Assignment
The entries below hold a line with "dim_col] by simp" and a line with "add: sum.distrib[symmetric] distrib_right)". Return those lines and all that lie between them, exactly and only.
--- Records for the task ---
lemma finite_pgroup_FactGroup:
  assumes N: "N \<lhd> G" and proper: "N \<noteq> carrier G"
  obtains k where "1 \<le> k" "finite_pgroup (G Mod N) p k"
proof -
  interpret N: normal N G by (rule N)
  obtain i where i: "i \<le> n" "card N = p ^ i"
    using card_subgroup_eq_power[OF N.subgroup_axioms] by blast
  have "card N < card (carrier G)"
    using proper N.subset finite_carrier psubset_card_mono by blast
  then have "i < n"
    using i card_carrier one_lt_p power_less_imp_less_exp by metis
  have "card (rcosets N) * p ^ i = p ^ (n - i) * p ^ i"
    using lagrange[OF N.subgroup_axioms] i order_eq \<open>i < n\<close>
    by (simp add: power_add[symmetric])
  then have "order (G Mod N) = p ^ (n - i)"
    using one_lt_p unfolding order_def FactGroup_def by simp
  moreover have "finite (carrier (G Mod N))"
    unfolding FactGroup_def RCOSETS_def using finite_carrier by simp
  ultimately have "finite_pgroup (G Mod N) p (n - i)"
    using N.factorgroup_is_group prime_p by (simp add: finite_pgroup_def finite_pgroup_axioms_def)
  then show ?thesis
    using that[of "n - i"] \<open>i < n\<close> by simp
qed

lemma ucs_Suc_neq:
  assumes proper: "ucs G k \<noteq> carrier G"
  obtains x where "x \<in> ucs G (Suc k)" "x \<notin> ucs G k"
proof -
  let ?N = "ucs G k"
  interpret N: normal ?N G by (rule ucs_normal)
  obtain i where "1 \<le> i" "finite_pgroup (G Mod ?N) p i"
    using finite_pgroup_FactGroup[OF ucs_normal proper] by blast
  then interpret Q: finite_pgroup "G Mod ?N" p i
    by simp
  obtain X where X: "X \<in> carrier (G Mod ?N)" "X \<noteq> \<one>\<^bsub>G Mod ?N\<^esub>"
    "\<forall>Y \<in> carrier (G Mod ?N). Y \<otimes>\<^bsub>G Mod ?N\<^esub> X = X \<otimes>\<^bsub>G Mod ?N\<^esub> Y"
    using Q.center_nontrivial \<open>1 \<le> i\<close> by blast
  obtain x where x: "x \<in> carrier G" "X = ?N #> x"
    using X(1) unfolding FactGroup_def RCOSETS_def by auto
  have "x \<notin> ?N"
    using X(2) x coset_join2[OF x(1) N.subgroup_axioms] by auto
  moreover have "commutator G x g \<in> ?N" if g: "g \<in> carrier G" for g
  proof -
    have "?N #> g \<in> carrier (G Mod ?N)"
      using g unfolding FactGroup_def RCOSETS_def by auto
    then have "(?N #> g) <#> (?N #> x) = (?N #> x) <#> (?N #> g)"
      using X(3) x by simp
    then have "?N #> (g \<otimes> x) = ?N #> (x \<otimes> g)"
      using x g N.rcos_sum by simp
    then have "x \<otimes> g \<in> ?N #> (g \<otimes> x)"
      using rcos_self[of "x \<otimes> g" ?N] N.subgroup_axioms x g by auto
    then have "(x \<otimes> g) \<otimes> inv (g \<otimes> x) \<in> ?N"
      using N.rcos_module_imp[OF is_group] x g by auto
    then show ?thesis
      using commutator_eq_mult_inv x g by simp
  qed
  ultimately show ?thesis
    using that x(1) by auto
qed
---
--- Records for the task ---
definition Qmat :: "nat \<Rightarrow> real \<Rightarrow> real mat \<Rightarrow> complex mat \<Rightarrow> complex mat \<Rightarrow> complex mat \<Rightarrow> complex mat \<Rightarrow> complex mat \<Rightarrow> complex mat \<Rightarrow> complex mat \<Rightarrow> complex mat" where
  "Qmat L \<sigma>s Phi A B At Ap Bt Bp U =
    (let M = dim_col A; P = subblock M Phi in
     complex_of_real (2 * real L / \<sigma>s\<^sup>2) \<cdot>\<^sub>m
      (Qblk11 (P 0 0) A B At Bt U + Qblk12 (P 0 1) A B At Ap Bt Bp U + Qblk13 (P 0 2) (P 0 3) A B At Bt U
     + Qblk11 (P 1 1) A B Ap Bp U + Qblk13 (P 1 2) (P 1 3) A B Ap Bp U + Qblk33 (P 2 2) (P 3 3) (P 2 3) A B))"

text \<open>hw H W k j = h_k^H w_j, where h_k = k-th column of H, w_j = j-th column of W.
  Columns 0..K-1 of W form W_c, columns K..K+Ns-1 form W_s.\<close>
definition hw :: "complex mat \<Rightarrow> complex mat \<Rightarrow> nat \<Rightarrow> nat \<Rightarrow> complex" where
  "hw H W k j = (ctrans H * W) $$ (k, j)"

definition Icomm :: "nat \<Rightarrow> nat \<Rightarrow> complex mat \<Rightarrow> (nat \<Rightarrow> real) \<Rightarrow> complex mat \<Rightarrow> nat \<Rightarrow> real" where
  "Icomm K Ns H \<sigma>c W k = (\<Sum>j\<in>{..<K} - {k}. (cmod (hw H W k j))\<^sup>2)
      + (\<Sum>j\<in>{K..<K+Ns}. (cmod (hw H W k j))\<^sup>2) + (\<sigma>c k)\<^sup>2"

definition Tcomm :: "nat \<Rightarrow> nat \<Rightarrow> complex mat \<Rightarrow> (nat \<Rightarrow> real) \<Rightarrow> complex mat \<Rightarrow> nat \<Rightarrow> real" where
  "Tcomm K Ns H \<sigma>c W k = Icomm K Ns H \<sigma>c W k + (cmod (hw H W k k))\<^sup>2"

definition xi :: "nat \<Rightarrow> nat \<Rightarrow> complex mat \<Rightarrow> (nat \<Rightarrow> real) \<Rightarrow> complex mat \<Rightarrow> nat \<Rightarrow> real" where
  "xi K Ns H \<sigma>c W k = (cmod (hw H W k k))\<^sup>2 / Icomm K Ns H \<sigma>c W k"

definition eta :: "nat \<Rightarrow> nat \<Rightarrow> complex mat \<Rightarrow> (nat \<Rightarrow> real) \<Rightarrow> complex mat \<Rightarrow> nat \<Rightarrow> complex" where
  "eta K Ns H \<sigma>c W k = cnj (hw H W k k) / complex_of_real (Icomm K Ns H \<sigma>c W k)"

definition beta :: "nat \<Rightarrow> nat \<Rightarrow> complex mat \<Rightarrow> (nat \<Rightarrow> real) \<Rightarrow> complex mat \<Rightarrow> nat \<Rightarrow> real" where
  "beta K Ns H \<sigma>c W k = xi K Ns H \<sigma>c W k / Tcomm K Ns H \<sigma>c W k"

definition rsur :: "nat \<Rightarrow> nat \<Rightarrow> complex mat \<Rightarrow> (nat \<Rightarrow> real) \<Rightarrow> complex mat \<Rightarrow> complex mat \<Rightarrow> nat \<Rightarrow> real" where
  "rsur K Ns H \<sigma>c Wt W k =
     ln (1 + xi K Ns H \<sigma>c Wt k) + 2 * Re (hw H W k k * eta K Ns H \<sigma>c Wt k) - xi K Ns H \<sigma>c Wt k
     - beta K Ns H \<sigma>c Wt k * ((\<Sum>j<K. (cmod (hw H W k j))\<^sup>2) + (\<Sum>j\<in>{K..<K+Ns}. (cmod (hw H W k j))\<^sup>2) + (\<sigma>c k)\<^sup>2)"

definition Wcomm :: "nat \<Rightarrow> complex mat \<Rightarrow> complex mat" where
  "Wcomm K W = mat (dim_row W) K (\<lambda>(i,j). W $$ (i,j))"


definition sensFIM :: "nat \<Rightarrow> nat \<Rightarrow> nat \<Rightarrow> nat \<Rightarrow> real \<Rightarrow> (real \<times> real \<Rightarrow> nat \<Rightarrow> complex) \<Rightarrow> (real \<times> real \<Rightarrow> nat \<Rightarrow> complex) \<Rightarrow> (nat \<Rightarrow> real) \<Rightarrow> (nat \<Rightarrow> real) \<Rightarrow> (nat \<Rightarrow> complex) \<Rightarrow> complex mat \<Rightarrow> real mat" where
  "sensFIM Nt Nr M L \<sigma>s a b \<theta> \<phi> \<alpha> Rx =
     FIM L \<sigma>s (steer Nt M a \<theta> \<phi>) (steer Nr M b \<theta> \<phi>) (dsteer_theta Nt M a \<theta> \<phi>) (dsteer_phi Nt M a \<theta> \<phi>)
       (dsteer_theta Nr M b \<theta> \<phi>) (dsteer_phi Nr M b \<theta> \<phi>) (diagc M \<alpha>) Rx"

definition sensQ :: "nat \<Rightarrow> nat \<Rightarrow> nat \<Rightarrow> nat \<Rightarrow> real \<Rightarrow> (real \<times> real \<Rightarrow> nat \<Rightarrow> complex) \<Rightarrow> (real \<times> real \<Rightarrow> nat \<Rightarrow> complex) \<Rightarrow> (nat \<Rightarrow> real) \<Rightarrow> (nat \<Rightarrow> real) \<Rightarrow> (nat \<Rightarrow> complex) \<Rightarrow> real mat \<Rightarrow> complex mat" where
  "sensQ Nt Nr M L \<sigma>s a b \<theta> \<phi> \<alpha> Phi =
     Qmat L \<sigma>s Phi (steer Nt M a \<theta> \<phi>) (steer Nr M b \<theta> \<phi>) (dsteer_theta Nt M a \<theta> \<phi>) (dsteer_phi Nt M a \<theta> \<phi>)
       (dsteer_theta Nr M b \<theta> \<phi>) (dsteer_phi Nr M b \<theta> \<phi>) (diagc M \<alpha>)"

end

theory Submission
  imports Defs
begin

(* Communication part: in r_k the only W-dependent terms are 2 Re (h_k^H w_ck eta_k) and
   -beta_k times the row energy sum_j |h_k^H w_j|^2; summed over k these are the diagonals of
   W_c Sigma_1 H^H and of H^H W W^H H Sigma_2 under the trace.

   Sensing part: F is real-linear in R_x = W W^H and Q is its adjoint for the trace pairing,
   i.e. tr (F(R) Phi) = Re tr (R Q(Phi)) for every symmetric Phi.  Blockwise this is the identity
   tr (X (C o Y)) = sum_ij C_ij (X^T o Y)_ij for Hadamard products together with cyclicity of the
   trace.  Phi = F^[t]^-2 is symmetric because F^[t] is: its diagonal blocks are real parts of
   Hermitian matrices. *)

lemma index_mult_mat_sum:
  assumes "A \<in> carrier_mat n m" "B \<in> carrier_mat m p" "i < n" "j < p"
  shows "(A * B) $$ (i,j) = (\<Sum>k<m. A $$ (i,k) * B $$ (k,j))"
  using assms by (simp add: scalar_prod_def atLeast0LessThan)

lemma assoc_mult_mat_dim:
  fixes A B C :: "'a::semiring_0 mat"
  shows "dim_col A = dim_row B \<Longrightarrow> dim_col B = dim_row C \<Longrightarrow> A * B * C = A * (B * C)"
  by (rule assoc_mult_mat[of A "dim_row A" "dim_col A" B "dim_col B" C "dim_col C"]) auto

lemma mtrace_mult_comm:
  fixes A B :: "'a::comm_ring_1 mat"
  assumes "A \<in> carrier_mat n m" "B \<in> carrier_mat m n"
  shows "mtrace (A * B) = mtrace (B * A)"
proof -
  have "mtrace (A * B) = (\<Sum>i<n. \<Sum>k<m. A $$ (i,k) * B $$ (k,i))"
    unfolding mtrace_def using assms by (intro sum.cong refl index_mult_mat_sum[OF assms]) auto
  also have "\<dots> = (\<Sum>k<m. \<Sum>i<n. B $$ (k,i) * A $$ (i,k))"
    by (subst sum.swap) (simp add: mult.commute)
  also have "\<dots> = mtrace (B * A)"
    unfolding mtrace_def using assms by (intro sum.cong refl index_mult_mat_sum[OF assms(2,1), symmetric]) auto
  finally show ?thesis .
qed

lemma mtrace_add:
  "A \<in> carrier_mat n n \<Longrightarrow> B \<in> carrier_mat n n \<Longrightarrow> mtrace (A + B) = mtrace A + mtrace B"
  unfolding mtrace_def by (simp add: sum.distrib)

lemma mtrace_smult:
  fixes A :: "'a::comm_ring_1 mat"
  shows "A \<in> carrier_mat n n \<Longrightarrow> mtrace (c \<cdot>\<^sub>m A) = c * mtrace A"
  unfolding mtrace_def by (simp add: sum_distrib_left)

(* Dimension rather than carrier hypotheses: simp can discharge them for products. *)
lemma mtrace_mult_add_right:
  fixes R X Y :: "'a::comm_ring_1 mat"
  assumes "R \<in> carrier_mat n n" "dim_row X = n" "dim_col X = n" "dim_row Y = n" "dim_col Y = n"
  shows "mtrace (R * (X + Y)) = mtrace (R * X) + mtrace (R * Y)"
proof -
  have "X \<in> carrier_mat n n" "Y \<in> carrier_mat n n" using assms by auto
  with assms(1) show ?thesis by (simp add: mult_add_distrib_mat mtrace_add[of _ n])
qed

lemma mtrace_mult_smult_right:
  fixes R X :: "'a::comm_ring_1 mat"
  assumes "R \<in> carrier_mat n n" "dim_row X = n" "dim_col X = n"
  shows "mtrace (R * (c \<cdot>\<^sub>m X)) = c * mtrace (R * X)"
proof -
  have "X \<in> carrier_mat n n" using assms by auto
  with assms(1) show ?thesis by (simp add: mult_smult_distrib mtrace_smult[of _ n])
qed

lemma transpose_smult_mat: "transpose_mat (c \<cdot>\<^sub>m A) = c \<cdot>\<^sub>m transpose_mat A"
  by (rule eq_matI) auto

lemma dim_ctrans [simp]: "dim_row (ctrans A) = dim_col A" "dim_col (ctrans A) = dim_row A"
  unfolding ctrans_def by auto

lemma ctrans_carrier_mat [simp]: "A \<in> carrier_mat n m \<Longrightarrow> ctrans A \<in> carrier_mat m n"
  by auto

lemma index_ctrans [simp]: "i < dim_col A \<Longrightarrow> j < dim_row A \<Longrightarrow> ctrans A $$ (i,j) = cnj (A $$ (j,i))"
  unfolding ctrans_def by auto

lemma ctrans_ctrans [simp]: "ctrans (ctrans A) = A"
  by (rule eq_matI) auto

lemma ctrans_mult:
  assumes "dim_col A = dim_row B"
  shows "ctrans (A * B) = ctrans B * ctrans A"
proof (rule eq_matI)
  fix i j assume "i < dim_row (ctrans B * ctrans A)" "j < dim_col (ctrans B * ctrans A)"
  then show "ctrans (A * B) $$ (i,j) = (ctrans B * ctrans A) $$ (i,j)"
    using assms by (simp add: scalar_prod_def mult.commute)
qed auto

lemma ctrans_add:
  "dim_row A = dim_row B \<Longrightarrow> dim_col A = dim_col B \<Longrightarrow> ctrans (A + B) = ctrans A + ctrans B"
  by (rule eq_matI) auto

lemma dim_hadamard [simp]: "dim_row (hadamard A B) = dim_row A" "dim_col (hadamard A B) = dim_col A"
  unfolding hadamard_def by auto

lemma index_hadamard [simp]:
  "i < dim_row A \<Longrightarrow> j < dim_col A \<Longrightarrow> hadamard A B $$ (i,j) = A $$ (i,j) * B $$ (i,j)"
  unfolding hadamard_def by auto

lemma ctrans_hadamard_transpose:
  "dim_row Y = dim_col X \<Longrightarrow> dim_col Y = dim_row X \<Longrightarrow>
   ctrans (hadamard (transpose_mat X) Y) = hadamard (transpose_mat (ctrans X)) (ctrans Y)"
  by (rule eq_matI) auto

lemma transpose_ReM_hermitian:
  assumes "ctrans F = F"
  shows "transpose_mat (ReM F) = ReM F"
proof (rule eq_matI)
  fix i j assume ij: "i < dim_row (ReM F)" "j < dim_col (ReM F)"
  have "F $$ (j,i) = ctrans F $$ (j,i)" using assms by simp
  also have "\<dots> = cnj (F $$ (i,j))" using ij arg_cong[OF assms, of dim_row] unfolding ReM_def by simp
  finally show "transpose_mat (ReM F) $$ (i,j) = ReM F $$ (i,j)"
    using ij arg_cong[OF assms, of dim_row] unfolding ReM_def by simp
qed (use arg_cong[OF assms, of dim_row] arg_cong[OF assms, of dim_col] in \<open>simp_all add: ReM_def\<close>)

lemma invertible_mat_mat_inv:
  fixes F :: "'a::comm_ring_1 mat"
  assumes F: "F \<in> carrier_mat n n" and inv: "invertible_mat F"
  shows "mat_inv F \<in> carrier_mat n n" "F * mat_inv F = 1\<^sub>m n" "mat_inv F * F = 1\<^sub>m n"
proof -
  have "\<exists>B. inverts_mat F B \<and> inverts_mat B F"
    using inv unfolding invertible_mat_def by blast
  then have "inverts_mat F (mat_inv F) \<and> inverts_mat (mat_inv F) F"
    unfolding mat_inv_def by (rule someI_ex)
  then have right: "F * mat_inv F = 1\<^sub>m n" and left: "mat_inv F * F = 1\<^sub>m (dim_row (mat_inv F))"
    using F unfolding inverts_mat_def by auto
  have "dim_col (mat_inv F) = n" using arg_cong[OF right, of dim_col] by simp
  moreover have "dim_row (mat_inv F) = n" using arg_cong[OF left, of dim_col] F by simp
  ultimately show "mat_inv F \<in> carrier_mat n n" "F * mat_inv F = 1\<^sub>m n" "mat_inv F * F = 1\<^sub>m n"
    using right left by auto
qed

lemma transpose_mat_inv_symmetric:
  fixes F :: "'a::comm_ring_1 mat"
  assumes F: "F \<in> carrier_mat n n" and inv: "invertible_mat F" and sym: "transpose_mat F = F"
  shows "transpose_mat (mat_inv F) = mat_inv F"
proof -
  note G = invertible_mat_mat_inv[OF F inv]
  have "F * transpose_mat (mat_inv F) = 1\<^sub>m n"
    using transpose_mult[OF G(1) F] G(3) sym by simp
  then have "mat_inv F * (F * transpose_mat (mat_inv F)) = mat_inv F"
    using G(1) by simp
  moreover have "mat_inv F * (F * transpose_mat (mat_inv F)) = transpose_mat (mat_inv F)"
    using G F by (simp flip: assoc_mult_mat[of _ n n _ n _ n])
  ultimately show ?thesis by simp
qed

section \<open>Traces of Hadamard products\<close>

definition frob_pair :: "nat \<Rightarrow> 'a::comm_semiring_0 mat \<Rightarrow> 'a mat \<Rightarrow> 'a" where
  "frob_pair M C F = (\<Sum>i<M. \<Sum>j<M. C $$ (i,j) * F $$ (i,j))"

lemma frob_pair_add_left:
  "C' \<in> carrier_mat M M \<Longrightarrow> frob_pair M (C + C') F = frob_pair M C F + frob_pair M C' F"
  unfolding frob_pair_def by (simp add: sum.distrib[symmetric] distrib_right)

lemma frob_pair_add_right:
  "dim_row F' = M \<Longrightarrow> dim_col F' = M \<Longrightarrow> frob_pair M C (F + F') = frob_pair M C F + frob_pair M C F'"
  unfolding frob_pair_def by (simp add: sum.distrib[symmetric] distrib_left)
---
Task output
  have "dim_col (mat_inv F) = n" using arg_cong[OF right, of dim_col] by simp
  moreover have "dim_row (mat_inv F) = n" using arg_cong[OF left, of dim_col] F by simp
  ultimately show "mat_inv F \<in> carrier_mat n n" "F * mat_inv F = 1\<^sub>m n" "mat_inv F * F = 1\<^sub>m n"
    using right left by auto
qed

lemma transpose_mat_inv_symmetric:
  fixes F :: "'a::comm_ring_1 mat"
  assumes F: "F \<in> carrier_mat n n" and inv: "invertible_mat F" and sym: "transpose_mat F = F"
  shows "transpose_mat (mat_inv F) = mat_inv F"
proof -
  note G = invertible_mat_mat_inv[OF F inv]
  have "F * transpose_mat (mat_inv F) = 1\<^sub>m n"
    using transpose_mult[OF G(1) F] G(3) sym by simp
  then have "mat_inv F * (F * transpose_mat (mat_inv F)) = mat_inv F"
    using G(1) by simp
  moreover have "mat_inv F * (F * transpose_mat (mat_inv F)) = transpose_mat (mat_inv F)"
    using G F by (simp flip: assoc_mult_mat[of _ n n _ n _ n])
  ultimately show ?thesis by simp
qed

section \<open>Traces of Hadamard products\<close>

definition frob_pair :: "nat \<Rightarrow> 'a::comm_semiring_0 mat \<Rightarrow> 'a mat \<Rightarrow> 'a" where
  "frob_pair M C F = (\<Sum>i<M. \<Sum>j<M. C $$ (i,j) * F $$ (i,j))"

lemma frob_pair_add_left:
  "C' \<in> carrier_mat M M \<Longrightarrow> frob_pair M (C + C') F = frob_pair M C F + frob_pair M C' F"
  unfolding frob_pair_def by (simp add: sum.distrib[symmetric] distrib_right)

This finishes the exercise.